• **Description of the task**: Repeat verbatim, and only, the lines of the data below, beginning at the line that contains "imports Defs" and stopping after the line that contains "text \<open>Let \<open>m".

• **Data for the task**:
━━━━━━━━━━━━━━━━━━━━

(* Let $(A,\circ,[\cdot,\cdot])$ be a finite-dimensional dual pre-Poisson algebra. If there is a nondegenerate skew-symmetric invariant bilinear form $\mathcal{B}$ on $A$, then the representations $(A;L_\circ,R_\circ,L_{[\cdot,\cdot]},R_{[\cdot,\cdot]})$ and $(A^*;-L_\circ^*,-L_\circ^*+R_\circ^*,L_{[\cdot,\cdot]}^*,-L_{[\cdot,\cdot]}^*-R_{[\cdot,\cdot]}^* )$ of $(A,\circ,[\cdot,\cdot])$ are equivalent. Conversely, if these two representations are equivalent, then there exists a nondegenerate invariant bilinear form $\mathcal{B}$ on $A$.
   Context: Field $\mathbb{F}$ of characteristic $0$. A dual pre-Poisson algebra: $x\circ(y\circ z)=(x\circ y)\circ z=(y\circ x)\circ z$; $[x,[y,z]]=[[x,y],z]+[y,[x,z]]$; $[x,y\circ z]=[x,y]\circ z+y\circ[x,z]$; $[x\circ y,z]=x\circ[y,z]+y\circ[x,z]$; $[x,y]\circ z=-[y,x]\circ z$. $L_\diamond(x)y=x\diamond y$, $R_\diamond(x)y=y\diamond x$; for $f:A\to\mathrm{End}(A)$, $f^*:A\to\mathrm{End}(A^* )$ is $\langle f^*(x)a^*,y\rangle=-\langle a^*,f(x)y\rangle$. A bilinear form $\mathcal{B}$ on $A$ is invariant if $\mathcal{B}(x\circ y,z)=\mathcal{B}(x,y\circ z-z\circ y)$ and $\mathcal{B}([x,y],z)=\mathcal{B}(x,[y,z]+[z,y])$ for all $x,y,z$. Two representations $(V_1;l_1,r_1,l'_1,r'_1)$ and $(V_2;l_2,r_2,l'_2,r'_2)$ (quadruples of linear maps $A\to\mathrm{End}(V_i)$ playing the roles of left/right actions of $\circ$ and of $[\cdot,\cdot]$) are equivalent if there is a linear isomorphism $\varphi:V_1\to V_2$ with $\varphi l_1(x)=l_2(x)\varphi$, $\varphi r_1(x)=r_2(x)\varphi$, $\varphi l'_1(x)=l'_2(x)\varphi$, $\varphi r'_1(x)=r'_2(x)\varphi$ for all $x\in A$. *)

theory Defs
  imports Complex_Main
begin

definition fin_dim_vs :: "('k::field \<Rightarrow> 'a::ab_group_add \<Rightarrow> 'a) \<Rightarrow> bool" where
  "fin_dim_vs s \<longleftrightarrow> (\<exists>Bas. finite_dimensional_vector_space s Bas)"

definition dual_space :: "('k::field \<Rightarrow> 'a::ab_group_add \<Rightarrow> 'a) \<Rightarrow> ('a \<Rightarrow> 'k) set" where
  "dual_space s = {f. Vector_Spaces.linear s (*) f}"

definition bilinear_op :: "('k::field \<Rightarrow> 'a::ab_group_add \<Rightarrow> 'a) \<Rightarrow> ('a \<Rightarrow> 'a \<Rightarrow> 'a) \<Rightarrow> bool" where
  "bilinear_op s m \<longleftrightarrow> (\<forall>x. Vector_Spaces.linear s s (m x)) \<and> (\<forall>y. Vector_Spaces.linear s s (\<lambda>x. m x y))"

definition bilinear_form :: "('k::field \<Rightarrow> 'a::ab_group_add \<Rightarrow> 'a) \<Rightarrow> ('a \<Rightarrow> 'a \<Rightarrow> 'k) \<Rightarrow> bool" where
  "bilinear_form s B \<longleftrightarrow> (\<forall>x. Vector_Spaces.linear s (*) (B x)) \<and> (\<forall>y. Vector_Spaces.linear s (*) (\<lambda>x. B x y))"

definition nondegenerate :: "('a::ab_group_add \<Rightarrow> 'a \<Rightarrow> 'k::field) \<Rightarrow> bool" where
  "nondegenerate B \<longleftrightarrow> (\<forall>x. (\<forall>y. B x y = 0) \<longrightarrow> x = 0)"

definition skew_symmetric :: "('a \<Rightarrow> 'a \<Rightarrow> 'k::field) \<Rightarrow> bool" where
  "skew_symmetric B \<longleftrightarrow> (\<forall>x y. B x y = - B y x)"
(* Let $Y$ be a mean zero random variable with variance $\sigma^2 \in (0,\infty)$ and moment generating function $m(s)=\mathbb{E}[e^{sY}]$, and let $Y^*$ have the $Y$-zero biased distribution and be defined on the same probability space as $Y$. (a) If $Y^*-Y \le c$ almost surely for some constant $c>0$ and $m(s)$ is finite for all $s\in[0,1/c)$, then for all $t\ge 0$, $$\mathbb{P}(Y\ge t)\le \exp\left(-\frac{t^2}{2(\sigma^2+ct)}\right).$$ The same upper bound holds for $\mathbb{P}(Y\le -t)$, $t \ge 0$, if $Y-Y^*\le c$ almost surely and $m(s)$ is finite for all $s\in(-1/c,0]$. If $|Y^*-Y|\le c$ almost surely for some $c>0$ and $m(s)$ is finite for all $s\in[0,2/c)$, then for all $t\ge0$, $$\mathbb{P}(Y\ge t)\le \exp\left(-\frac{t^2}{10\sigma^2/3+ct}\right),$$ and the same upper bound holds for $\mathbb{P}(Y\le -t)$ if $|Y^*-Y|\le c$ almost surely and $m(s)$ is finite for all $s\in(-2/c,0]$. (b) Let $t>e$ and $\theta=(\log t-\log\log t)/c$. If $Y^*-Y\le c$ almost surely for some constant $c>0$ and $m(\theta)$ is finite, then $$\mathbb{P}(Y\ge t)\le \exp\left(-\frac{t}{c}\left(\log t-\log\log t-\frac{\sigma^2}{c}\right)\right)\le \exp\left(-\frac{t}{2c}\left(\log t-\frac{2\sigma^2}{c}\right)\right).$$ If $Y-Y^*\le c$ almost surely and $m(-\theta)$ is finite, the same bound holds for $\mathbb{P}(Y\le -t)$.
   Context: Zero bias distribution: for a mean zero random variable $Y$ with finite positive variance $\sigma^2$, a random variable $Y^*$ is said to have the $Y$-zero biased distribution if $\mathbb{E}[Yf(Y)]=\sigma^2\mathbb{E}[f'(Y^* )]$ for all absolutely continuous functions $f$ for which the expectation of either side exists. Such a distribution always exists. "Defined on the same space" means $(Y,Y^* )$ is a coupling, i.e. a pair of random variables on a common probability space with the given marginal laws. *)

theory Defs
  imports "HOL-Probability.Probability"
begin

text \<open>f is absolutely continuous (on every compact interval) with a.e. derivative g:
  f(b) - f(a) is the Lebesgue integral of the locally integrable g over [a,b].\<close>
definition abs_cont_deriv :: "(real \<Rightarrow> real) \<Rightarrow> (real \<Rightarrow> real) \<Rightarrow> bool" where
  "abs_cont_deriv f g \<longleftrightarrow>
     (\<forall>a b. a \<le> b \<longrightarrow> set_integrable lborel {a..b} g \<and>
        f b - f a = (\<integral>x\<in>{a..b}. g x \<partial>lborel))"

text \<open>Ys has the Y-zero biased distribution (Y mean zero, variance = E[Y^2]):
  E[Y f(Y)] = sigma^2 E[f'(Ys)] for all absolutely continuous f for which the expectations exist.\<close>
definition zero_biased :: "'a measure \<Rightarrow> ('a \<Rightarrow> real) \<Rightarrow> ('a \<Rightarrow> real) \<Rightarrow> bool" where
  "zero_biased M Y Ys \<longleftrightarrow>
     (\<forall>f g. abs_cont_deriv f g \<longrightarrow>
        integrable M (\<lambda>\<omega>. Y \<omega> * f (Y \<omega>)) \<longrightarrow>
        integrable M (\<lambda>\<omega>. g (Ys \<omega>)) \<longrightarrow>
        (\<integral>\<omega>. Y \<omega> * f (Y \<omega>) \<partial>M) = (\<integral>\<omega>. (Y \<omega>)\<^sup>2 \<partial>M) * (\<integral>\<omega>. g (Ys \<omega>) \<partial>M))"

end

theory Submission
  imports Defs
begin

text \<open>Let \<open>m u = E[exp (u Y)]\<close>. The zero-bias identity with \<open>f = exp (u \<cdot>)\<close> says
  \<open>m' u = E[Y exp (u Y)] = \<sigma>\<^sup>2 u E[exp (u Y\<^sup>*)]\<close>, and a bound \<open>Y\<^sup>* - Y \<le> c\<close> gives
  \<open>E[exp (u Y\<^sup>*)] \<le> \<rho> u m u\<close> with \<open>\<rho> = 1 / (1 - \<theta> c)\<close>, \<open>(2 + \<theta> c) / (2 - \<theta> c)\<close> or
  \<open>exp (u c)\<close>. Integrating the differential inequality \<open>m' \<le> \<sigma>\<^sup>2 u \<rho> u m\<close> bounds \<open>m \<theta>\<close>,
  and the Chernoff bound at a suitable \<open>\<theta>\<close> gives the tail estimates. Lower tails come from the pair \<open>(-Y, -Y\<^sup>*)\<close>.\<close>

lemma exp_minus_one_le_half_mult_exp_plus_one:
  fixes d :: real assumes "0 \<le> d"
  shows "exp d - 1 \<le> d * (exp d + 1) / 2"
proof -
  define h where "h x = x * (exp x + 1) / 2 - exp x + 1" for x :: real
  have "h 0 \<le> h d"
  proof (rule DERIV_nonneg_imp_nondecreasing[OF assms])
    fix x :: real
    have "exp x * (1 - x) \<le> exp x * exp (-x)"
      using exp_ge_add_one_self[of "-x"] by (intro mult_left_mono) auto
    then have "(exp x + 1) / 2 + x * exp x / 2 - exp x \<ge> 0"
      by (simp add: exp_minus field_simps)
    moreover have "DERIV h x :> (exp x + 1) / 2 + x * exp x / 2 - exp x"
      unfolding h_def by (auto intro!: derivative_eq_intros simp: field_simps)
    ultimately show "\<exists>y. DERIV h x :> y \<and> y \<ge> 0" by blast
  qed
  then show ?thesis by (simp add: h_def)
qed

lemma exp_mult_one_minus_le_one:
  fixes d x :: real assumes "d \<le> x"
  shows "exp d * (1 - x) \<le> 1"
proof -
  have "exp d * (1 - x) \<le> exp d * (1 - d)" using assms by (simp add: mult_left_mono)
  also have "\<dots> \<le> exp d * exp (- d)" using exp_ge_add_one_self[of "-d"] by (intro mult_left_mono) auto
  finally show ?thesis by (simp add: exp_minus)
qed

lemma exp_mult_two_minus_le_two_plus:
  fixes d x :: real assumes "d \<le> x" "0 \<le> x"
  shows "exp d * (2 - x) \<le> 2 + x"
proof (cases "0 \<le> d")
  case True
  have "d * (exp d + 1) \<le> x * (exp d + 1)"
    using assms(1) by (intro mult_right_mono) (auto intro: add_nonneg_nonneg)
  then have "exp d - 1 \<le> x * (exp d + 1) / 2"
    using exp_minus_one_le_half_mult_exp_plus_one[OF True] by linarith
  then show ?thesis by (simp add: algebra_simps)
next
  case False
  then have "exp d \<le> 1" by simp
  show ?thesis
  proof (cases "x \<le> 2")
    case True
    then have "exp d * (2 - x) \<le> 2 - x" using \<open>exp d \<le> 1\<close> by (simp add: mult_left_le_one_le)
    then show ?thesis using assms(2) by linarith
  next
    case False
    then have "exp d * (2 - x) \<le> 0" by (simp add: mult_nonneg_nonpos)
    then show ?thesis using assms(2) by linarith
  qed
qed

━━━━━━━━━━━━━━━━━━━━

• **Answer space**:
  imports Defs
begin

text \<open>Let \<open>m u = E[exp (u Y)]\<close>. The zero-bias identity with \<open>f = exp (u \<cdot>)\<close> says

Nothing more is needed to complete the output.